**Directions for this task:**
Please start at the first line of the records beneath and quote each line exactly, ending with the line containing "(\<forall>c :: 'i \<Rightarrow> real.".

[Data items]
=== Begin Enclosure ===

(* For all $n\in\mathbb{Z}^+$ and all vectors $\zeta=(\zeta^j)_{j\in I_n}$, $\xi=(\xi^j)_{j\in I_n}$ of $\mathbb{R}^N$, $$\sup_{p\in I_n}\Big|\sum_{j,k\in I_n}\mathbb{E}^\gamma\big[\tilde J_n^{pj}\tilde J_n^{-pk}\big]\zeta^j\xi^k\Big|\le ab\,\|\zeta\|_2\|\xi\|_2.$$
   Context: For $n\ge0$, $I_n=\{-n,\dots,n\}$, $N=2n+1$, "$k\bmod I_n$" is the element of $I_n$ congruent to $k$ mod $N$, and $F_N=e^{2\pi i/N}$. $R_{\mathcal J}:\mathbb{Z}^2\to\mathbb{R}$ satisfies $|R_{\mathcal J}(k,l)|\le a_kb_l$ for positive sequences with $|k|^3a_k\to0$ and $\sum_lb_l<\infty$, $a=\sum_ka_k$, $b=\sum_kb_k$; $R_{\mathcal J}$ is the autocorrelation of a centered stationary Gaussian field on $\mathbb{Z}^2$ with strictly positive spectral density. Under $\gamma$, $J_n=(J_n^{ij})_{i,j\in I_n}$ are centered jointly Gaussian with $\mathbb{E}^\gamma[J_n^{ij}J_n^{kl}]=\frac1NR_{\mathcal J}((k-i)\bmod I_n,(l-j)\bmod I_n)$. $\tilde J_n^{pk}=\sum_{j\in I_n}J_n^{jk}F_N^{-jp}$ for $p,k\in I_n$ (discrete Fourier transform in the first index), with $-p$ understood in $I_n$. *)

theory Defs
  imports "HOL-Probability.Probability"
begin

definition I :: "nat \<Rightarrow> int set" where
  "I n = {- int n .. int n}"

definition NN :: "nat \<Rightarrow> int" where
  "NN n = 2 * int n + 1"

definition modI :: "nat \<Rightarrow> int \<Rightarrow> int" where
  "modI n k = (k + int n) mod NN n - int n"

definition FN :: "nat \<Rightarrow> complex" where
  "FN n = cis (2 * pi / real_of_int (NN n))"

definition tJ :: "nat \<Rightarrow> (int \<Rightarrow> int \<Rightarrow> 'a \<Rightarrow> real) \<Rightarrow> int \<Rightarrow> int \<Rightarrow> 'a \<Rightarrow> complex" where
  "tJ n J p k \<omega> = (\<Sum>j\<in>I n. complex_of_real (J j k \<omega>) * FN n powi (- (j * p)))"

definition centered_gaussian_family :: "'a measure \<Rightarrow> 'i set \<Rightarrow> ('i \<Rightarrow> 'a \<Rightarrow> real) \<Rightarrow> bool" where
  "centered_gaussian_family M S X \<longleftrightarrow>
     (\<forall>i\<in>S. X i \<in> borel_measurable M) \<and>
     (\<forall>c :: 'i \<Rightarrow> real.
        (AE \<omega> in M. (\<Sum>i\<in>S. c i * X i \<omega>) = 0) \<or>
        (\<exists>\<sigma>>0. distributed M lborel (\<lambda>\<omega>. \<Sum>i\<in>S. c i * X i \<omega>) (normal_density 0 \<sigma>)))"

definition spectral_density :: "(int \<times> int \<Rightarrow> real) \<Rightarrow> real \<Rightarrow> real \<Rightarrow> complex" where
  "spectral_density R \<theta>1 \<theta>2 =
     infsum (\<lambda>(k, l). complex_of_real (R (k, l)) * cis (- (real_of_int k * \<theta>1 + real_of_int l * \<theta>2))) UNIV"

text \<open>R is the autocorrelation of a centered stationary Gaussian field on Z^2 with strictly
  positive spectral density (for absolutely summable R): R is even and its spectral density
  is real and strictly positive everywhere.\<close>
definition stationary_autocorr_pos_spectral :: "(int \<times> int \<Rightarrow> real) \<Rightarrow> bool" where
  "stationary_autocorr_pos_spectral R \<longleftrightarrow>
     (\<forall>k l. R (-k, -l) = R (k, l)) \<and>
     (\<forall>\<theta>1 \<theta>2. spectral_density R \<theta>1 \<theta>2 \<in> \<real> \<and> Re (spectral_density R \<theta>1 \<theta>2) > 0)"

=== End Enclosure ===

**Problem solution:**
(* For all $n\in\mathbb{Z}^+$ and all vectors $\zeta=(\zeta^j)_{j\in I_n}$, $\xi=(\xi^j)_{j\in I_n}$ of $\mathbb{R}^N$, $$\sup_{p\in I_n}\Big|\sum_{j,k\in I_n}\mathbb{E}^\gamma\big[\tilde J_n^{pj}\tilde J_n^{-pk}\big]\zeta^j\xi^k\Big|\le ab\,\|\zeta\|_2\|\xi\|_2.$$
   Context: For $n\ge0$, $I_n=\{-n,\dots,n\}$, $N=2n+1$, "$k\bmod I_n$" is the element of $I_n$ congruent to $k$ mod $N$, and $F_N=e^{2\pi i/N}$. $R_{\mathcal J}:\mathbb{Z}^2\to\mathbb{R}$ satisfies $|R_{\mathcal J}(k,l)|\le a_kb_l$ for positive sequences with $|k|^3a_k\to0$ and $\sum_lb_l<\infty$, $a=\sum_ka_k$, $b=\sum_kb_k$; $R_{\mathcal J}$ is the autocorrelation of a centered stationary Gaussian field on $\mathbb{Z}^2$ with strictly positive spectral density. Under $\gamma$, $J_n=(J_n^{ij})_{i,j\in I_n}$ are centered jointly Gaussian with $\mathbb{E}^\gamma[J_n^{ij}J_n^{kl}]=\frac1NR_{\mathcal J}((k-i)\bmod I_n,(l-j)\bmod I_n)$. $\tilde J_n^{pk}=\sum_{j\in I_n}J_n^{jk}F_N^{-jp}$ for $p,k\in I_n$ (discrete Fourier transform in the first index), with $-p$ understood in $I_n$. *)

theory Defs
  imports "HOL-Probability.Probability"
begin

definition I :: "nat \<Rightarrow> int set" where
  "I n = {- int n .. int n}"

definition NN :: "nat \<Rightarrow> int" where
  "NN n = 2 * int n + 1"

definition modI :: "nat \<Rightarrow> int \<Rightarrow> int" where
  "modI n k = (k + int n) mod NN n - int n"

definition FN :: "nat \<Rightarrow> complex" where
  "FN n = cis (2 * pi / real_of_int (NN n))"

definition tJ :: "nat \<Rightarrow> (int \<Rightarrow> int \<Rightarrow> 'a \<Rightarrow> real) \<Rightarrow> int \<Rightarrow> int \<Rightarrow> 'a \<Rightarrow> complex" where
  "tJ n J p k \<omega> = (\<Sum>j\<in>I n. complex_of_real (J j k \<omega>) * FN n powi (- (j * p)))"

definition centered_gaussian_family :: "'a measure \<Rightarrow> 'i set \<Rightarrow> ('i \<Rightarrow> 'a \<Rightarrow> real) \<Rightarrow> bool" where
  "centered_gaussian_family M S X \<longleftrightarrow>
     (\<forall>i\<in>S. X i \<in> borel_measurable M) \<and>
     (\<forall>c :: 'i \<Rightarrow> real.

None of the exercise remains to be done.